WHAT YOU HAVE TO DO |
Below is a listing. Quote from it, exactly, the lines from the one containing "C k)) \<and>" down to the one containing "the glued core.\<close>", both ends included, and nothing else.
★ ★ ★ ★ ★ ★ ★
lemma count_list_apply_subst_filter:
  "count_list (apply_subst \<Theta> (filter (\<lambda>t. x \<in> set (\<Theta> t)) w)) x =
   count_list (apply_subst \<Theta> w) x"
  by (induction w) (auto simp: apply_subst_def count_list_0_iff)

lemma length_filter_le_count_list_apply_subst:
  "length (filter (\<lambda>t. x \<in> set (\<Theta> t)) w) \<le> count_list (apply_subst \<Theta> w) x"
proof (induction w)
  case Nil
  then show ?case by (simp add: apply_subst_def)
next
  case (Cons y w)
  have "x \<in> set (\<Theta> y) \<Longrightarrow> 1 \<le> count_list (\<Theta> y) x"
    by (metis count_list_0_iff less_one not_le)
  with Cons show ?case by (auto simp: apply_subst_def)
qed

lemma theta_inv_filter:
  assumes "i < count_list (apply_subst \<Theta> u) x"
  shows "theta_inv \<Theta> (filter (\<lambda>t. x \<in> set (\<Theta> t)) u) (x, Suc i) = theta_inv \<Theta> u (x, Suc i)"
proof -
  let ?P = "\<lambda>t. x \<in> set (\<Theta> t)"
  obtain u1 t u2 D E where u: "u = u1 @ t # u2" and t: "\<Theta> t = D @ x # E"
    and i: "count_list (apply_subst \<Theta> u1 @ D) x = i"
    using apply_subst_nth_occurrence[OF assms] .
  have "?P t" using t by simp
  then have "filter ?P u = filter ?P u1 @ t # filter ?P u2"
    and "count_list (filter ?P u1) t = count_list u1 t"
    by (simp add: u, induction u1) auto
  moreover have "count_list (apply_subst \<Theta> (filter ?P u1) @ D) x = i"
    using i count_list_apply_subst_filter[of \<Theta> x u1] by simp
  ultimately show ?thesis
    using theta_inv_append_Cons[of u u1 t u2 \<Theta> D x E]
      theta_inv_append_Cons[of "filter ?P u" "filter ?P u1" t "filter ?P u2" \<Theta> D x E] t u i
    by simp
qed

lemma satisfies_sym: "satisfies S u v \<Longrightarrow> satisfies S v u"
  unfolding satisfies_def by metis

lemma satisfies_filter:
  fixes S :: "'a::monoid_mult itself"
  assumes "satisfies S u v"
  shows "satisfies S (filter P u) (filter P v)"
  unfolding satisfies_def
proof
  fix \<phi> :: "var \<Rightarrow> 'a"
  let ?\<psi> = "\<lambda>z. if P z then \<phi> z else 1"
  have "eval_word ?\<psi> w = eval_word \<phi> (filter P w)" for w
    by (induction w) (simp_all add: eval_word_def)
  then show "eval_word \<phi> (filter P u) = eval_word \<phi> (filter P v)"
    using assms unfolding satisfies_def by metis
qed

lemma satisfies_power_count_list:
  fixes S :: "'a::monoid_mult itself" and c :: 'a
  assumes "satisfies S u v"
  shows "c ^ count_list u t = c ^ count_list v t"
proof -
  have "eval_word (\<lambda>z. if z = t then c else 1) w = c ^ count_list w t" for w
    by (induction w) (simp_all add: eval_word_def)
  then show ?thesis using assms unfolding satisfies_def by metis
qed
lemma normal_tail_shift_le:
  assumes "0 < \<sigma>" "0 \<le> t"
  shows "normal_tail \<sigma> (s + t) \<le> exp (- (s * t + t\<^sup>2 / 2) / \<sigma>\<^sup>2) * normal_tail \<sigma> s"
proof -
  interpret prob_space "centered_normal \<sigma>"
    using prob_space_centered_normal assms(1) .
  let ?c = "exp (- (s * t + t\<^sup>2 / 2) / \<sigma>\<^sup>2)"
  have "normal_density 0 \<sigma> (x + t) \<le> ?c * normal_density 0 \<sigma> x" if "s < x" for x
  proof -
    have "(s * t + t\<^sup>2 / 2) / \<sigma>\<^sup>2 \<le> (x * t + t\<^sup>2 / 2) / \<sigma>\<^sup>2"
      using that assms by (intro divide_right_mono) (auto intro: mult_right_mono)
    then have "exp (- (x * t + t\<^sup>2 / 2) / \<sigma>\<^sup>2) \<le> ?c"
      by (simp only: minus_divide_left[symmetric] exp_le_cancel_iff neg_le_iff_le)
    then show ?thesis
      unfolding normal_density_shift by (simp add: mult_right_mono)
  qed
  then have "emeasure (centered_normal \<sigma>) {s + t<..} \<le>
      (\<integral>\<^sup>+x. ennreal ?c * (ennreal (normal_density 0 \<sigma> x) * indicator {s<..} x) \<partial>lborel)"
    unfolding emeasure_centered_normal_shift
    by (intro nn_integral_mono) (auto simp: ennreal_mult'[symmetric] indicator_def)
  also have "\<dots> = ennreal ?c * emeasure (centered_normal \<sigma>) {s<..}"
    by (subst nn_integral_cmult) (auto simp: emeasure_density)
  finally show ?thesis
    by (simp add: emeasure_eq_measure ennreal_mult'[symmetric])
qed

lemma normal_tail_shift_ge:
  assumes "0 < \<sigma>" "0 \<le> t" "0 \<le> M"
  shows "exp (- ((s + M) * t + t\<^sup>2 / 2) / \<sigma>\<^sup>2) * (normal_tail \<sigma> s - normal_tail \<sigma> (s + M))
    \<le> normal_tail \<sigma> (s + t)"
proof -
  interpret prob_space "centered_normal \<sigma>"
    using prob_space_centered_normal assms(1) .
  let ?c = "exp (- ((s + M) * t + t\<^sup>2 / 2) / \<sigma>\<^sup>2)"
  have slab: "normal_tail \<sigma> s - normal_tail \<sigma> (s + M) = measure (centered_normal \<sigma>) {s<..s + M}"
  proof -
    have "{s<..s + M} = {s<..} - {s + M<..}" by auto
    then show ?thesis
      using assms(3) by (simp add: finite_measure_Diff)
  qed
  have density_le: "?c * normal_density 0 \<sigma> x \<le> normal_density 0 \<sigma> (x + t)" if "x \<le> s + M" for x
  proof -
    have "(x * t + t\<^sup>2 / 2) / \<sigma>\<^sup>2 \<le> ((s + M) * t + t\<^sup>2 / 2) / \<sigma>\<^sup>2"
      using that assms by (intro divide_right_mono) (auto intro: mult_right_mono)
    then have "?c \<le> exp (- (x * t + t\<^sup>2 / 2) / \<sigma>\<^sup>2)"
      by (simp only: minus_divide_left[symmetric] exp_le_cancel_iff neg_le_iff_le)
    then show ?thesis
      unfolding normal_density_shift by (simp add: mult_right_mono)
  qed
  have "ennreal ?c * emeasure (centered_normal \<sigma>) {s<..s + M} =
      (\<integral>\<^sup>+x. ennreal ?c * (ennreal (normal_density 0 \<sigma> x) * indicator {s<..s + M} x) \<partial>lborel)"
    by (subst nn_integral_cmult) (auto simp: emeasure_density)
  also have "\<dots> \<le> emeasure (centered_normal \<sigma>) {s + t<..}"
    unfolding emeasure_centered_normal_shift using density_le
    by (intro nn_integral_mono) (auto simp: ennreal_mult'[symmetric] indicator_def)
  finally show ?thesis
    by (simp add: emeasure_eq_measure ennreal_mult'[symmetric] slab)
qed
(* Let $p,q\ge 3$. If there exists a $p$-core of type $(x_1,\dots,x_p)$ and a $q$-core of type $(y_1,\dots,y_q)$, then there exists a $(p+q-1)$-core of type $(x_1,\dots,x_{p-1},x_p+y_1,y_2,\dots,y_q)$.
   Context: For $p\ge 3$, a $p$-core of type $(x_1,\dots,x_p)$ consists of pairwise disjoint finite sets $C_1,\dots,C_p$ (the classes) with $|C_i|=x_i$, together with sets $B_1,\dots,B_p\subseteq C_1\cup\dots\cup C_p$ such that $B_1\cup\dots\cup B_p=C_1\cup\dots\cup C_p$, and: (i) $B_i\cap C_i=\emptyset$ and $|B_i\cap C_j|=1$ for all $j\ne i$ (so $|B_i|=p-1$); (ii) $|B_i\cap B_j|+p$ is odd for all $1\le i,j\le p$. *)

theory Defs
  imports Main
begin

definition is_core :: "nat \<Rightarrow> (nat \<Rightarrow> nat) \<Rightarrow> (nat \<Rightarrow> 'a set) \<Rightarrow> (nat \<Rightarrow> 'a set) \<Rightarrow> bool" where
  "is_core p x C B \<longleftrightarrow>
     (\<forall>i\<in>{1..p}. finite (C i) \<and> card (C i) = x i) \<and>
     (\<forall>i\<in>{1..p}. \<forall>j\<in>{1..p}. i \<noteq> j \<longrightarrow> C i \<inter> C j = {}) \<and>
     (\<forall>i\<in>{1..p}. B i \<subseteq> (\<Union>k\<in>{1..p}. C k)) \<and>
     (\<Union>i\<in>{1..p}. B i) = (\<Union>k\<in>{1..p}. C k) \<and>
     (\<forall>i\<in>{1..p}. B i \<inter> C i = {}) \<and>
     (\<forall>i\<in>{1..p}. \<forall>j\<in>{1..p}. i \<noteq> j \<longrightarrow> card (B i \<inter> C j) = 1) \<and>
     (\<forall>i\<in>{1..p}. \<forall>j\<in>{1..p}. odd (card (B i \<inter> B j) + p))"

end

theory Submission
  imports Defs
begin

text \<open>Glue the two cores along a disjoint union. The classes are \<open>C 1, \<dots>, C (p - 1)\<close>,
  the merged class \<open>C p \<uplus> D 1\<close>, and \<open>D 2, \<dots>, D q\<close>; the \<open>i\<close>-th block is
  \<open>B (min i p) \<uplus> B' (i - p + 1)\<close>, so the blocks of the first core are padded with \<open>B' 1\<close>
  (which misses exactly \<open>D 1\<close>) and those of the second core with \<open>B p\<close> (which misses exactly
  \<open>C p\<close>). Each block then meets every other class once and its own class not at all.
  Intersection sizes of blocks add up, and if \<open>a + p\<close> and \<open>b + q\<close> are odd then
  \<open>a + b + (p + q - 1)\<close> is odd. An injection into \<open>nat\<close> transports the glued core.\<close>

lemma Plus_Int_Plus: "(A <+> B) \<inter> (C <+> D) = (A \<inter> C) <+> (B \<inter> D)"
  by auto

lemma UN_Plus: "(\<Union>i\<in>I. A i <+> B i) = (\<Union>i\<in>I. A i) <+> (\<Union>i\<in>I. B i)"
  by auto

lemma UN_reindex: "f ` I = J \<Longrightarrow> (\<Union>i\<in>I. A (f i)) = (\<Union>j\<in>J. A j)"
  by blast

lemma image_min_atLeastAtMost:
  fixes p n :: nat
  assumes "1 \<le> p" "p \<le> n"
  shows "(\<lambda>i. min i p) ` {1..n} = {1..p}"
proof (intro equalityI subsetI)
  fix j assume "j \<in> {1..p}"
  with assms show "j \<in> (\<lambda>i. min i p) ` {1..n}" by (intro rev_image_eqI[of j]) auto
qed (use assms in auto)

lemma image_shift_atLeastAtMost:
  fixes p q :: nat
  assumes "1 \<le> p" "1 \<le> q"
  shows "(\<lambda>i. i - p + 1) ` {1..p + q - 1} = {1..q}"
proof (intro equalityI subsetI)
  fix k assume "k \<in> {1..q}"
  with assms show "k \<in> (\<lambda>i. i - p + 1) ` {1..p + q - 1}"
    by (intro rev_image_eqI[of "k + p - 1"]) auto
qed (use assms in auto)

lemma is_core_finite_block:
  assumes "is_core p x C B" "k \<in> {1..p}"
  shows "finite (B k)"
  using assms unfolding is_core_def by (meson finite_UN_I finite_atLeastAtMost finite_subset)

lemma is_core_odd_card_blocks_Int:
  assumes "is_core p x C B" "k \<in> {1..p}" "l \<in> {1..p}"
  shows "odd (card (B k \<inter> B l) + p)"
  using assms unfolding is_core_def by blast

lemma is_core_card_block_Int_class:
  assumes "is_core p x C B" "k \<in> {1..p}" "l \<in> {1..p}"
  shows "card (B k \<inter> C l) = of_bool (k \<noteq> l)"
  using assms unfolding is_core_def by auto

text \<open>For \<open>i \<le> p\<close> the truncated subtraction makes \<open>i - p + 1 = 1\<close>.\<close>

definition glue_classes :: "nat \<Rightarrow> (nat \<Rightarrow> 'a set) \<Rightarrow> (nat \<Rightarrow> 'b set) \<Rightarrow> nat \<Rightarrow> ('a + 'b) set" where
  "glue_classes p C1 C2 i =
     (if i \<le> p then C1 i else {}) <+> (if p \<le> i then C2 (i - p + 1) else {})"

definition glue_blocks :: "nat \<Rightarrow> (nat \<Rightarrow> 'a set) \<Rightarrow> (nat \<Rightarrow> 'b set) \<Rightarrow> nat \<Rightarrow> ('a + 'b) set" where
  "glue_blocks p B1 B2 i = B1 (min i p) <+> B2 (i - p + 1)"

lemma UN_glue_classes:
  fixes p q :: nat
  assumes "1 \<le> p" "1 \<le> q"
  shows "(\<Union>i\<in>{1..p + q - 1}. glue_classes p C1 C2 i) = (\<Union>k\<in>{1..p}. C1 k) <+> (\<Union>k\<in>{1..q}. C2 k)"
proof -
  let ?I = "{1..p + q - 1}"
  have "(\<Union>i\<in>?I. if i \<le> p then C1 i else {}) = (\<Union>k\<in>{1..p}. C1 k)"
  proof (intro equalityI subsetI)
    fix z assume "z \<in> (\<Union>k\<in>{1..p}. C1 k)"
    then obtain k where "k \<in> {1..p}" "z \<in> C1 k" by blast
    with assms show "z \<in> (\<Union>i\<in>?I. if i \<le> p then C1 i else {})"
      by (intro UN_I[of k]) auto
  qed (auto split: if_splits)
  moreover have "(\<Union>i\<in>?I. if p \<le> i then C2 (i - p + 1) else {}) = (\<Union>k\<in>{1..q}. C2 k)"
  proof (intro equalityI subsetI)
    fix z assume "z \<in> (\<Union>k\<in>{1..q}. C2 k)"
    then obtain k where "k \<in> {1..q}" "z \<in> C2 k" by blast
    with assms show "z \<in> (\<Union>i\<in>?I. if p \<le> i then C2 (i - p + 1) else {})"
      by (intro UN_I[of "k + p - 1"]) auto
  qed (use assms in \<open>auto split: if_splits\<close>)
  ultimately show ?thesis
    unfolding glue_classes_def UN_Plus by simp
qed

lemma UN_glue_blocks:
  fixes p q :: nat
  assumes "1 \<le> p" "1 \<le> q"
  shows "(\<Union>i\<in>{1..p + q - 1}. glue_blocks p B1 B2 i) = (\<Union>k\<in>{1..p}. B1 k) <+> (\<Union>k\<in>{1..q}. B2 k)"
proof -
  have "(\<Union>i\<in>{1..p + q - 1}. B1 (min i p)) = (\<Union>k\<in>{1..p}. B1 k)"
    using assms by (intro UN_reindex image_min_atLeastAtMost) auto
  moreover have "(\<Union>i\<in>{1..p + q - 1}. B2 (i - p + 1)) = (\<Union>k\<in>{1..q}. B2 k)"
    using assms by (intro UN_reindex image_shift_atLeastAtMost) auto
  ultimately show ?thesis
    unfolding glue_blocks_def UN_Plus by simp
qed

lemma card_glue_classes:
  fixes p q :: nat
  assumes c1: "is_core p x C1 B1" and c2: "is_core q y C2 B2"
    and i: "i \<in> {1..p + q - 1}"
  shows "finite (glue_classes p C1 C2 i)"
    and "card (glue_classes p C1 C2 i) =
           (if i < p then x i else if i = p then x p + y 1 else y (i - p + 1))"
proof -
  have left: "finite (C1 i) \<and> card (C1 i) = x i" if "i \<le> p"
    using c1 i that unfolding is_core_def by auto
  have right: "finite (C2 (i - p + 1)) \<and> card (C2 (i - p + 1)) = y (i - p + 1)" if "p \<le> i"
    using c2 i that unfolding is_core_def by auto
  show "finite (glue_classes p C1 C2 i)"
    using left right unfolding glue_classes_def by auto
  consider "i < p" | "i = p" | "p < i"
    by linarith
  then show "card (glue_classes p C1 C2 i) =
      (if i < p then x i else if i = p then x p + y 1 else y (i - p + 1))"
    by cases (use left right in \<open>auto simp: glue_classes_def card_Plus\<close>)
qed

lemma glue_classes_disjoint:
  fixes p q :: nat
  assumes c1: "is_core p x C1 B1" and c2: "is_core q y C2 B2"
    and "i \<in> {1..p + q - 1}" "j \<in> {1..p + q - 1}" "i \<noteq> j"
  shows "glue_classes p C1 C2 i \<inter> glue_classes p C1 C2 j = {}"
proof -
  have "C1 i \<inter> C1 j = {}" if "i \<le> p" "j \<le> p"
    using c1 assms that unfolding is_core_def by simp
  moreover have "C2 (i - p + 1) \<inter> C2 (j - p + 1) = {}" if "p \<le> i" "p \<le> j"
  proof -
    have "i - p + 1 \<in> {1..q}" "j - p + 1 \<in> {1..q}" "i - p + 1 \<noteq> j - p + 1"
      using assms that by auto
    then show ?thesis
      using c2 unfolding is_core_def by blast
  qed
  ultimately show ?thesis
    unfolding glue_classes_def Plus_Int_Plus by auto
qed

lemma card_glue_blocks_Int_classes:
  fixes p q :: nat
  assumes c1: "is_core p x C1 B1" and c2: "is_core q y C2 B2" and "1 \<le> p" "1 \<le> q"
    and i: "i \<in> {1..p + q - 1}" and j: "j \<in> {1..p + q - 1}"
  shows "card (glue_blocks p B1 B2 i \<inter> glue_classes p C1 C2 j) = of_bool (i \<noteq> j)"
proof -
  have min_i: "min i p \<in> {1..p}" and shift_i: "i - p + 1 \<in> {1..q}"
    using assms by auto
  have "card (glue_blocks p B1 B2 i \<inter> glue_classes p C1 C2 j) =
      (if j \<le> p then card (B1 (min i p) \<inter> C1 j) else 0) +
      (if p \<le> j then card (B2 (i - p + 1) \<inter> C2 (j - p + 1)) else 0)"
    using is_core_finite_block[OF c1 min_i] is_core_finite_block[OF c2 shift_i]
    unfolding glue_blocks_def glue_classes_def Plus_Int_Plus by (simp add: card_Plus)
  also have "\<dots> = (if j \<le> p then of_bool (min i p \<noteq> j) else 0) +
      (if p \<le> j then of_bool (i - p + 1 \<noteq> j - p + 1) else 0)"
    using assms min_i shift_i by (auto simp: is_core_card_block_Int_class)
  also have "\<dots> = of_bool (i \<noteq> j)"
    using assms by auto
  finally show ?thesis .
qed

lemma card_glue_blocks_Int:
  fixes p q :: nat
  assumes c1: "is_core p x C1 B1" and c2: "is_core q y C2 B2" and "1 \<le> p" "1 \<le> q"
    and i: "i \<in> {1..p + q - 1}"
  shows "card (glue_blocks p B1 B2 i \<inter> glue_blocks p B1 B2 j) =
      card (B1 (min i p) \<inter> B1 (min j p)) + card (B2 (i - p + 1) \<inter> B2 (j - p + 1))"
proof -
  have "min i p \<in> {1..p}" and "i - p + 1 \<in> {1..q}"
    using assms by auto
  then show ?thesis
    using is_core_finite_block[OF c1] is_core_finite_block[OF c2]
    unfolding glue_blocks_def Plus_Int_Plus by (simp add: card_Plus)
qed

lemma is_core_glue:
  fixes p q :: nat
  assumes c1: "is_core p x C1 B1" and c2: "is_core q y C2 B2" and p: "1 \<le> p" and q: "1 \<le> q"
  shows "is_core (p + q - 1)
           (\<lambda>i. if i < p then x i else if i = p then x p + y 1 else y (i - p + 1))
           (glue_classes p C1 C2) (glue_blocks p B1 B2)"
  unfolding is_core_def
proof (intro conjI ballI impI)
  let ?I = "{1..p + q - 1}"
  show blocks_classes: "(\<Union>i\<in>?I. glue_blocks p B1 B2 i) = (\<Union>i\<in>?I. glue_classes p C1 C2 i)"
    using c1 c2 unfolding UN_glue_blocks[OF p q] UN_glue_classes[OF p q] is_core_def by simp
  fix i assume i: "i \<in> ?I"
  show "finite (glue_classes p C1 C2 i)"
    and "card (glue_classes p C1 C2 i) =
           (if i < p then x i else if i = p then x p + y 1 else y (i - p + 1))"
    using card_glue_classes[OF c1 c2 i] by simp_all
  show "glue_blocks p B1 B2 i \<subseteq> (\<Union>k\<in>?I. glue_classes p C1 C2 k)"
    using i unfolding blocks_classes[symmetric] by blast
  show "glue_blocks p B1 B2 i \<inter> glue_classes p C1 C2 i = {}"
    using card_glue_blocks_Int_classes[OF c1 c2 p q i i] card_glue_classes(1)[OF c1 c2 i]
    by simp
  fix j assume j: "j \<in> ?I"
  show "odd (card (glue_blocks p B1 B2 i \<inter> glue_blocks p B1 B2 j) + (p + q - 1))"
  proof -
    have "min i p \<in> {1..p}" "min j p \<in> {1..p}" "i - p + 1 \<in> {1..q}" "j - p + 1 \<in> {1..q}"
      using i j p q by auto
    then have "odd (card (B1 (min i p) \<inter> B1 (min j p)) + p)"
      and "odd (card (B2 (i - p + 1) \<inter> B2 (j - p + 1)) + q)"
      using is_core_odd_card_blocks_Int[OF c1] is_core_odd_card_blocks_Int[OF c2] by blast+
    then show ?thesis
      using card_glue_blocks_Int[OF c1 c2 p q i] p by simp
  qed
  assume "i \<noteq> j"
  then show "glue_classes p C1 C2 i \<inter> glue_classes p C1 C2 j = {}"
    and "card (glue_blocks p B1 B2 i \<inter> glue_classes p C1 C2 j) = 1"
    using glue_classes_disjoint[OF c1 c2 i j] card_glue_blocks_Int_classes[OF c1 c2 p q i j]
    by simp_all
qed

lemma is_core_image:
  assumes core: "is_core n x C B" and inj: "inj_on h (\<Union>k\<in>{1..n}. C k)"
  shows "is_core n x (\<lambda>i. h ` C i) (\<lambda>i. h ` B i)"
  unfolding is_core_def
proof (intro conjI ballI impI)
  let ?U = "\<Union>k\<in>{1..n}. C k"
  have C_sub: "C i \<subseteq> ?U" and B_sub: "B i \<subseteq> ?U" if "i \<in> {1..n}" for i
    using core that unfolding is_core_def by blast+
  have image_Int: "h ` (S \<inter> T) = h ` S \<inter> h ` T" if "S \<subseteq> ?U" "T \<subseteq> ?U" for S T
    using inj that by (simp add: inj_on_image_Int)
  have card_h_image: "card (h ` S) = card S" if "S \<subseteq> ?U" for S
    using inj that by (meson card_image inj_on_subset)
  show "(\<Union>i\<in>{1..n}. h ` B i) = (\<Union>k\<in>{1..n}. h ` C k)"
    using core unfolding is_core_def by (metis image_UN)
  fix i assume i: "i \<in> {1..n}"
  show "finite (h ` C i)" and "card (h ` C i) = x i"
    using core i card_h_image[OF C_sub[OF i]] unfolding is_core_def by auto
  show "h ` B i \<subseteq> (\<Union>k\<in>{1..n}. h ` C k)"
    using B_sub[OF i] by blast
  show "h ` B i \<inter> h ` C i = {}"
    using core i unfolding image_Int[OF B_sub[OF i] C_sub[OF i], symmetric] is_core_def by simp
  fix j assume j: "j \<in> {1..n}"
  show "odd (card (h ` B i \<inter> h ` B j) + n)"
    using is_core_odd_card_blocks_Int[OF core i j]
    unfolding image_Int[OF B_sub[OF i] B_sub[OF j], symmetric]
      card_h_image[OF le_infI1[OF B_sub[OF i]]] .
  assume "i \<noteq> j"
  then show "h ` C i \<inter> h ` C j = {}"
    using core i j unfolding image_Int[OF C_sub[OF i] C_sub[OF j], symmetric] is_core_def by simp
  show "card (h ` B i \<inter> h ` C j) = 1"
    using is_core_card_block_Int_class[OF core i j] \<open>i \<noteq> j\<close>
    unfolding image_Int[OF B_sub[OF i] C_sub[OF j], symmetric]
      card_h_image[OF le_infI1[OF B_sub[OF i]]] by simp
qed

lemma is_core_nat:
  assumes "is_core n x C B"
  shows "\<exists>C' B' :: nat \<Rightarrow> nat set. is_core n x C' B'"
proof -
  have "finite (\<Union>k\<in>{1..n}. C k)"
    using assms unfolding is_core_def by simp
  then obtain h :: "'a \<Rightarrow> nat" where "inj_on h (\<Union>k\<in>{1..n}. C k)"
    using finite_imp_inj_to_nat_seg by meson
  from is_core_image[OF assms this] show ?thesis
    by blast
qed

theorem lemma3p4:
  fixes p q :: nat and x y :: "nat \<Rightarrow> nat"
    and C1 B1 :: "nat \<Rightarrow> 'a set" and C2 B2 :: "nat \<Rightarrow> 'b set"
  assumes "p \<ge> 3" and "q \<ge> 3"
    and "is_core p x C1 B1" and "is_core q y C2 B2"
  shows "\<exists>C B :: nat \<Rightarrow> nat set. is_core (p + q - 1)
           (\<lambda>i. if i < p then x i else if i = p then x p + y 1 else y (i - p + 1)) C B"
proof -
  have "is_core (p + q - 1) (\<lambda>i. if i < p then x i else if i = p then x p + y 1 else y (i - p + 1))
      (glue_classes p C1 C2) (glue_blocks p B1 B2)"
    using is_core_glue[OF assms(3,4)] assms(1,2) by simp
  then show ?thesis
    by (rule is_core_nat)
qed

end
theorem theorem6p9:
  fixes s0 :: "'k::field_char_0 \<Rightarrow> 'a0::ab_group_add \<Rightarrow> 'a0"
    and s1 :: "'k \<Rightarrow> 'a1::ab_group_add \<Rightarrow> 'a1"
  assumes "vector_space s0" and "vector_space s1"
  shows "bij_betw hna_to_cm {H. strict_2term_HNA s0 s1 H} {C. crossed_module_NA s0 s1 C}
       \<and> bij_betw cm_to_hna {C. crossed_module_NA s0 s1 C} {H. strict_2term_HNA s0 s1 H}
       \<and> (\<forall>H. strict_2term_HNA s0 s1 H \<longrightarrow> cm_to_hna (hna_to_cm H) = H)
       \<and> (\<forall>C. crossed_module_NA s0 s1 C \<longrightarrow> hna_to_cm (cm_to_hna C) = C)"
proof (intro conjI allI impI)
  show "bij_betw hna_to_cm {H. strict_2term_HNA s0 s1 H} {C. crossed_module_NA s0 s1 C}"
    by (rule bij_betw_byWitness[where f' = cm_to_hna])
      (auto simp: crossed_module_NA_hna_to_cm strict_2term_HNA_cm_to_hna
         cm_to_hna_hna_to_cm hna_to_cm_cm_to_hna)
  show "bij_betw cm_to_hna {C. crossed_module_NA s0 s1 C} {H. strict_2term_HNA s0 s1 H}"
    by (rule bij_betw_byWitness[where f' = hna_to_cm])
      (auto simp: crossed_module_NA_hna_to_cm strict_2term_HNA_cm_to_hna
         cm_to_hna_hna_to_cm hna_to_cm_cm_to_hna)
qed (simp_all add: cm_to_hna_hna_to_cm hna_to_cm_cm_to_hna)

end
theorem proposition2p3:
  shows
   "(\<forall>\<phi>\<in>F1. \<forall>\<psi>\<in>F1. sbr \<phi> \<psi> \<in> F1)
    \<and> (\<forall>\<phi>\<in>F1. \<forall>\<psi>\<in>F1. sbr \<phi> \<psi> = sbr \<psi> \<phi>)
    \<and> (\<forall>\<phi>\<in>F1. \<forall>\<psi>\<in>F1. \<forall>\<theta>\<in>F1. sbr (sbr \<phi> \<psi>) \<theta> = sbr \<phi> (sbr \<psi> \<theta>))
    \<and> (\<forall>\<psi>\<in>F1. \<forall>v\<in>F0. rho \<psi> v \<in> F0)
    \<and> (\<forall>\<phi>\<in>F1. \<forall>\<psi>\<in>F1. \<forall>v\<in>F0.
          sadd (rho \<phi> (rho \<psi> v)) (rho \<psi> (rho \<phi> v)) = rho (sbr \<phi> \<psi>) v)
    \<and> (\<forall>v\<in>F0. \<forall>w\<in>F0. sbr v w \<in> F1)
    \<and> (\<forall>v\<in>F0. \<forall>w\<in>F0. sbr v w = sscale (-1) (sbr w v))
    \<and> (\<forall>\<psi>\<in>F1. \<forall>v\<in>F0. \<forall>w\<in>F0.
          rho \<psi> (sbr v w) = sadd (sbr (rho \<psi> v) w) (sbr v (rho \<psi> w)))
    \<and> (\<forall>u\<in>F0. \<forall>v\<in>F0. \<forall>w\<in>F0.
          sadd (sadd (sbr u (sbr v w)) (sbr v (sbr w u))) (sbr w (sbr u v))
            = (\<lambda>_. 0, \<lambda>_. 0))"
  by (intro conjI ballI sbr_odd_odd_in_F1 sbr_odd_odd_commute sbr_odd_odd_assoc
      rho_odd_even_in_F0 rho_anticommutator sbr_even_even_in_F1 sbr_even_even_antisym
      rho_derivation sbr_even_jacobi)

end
★ ★ ★ ★ ★ ★ ★
RESULT OF THE TASK |
     (\<forall>i\<in>{1..p}. B i \<subseteq> (\<Union>k\<in>{1..p}. C k)) \<and>
     (\<Union>i\<in>{1..p}. B i) = (\<Union>k\<in>{1..p}. C k) \<and>
     (\<forall>i\<in>{1..p}. B i \<inter> C i = {}) \<and>
     (\<forall>i\<in>{1..p}. \<forall>j\<in>{1..p}. i \<noteq> j \<longrightarrow> card (B i \<inter> C j) = 1) \<and>
     (\<forall>i\<in>{1..p}. \<forall>j\<in>{1..p}. odd (card (B i \<inter> B j) + p))"

end

theory Submission
  imports Defs
begin

text \<open>Glue the two cores along a disjoint union. The classes are \<open>C 1, \<dots>, C (p - 1)\<close>,
  the merged class \<open>C p \<uplus> D 1\<close>, and \<open>D 2, \<dots>, D q\<close>; the \<open>i\<close>-th block is
  \<open>B (min i p) \<uplus> B' (i - p + 1)\<close>, so the blocks of the first core are padded with \<open>B' 1\<close>
  (which misses exactly \<open>D 1\<close>) and those of the second core with \<open>B p\<close> (which misses exactly
  \<open>C p\<close>). Each block then meets every other class once and its own class not at all.
  Intersection sizes of blocks add up, and if \<open>a + p\<close> and \<open>b + q\<close> are odd then
  \<open>a + b + (p + q - 1)\<close> is odd. An injection into \<open>nat\<close> transports the glued core.\<close>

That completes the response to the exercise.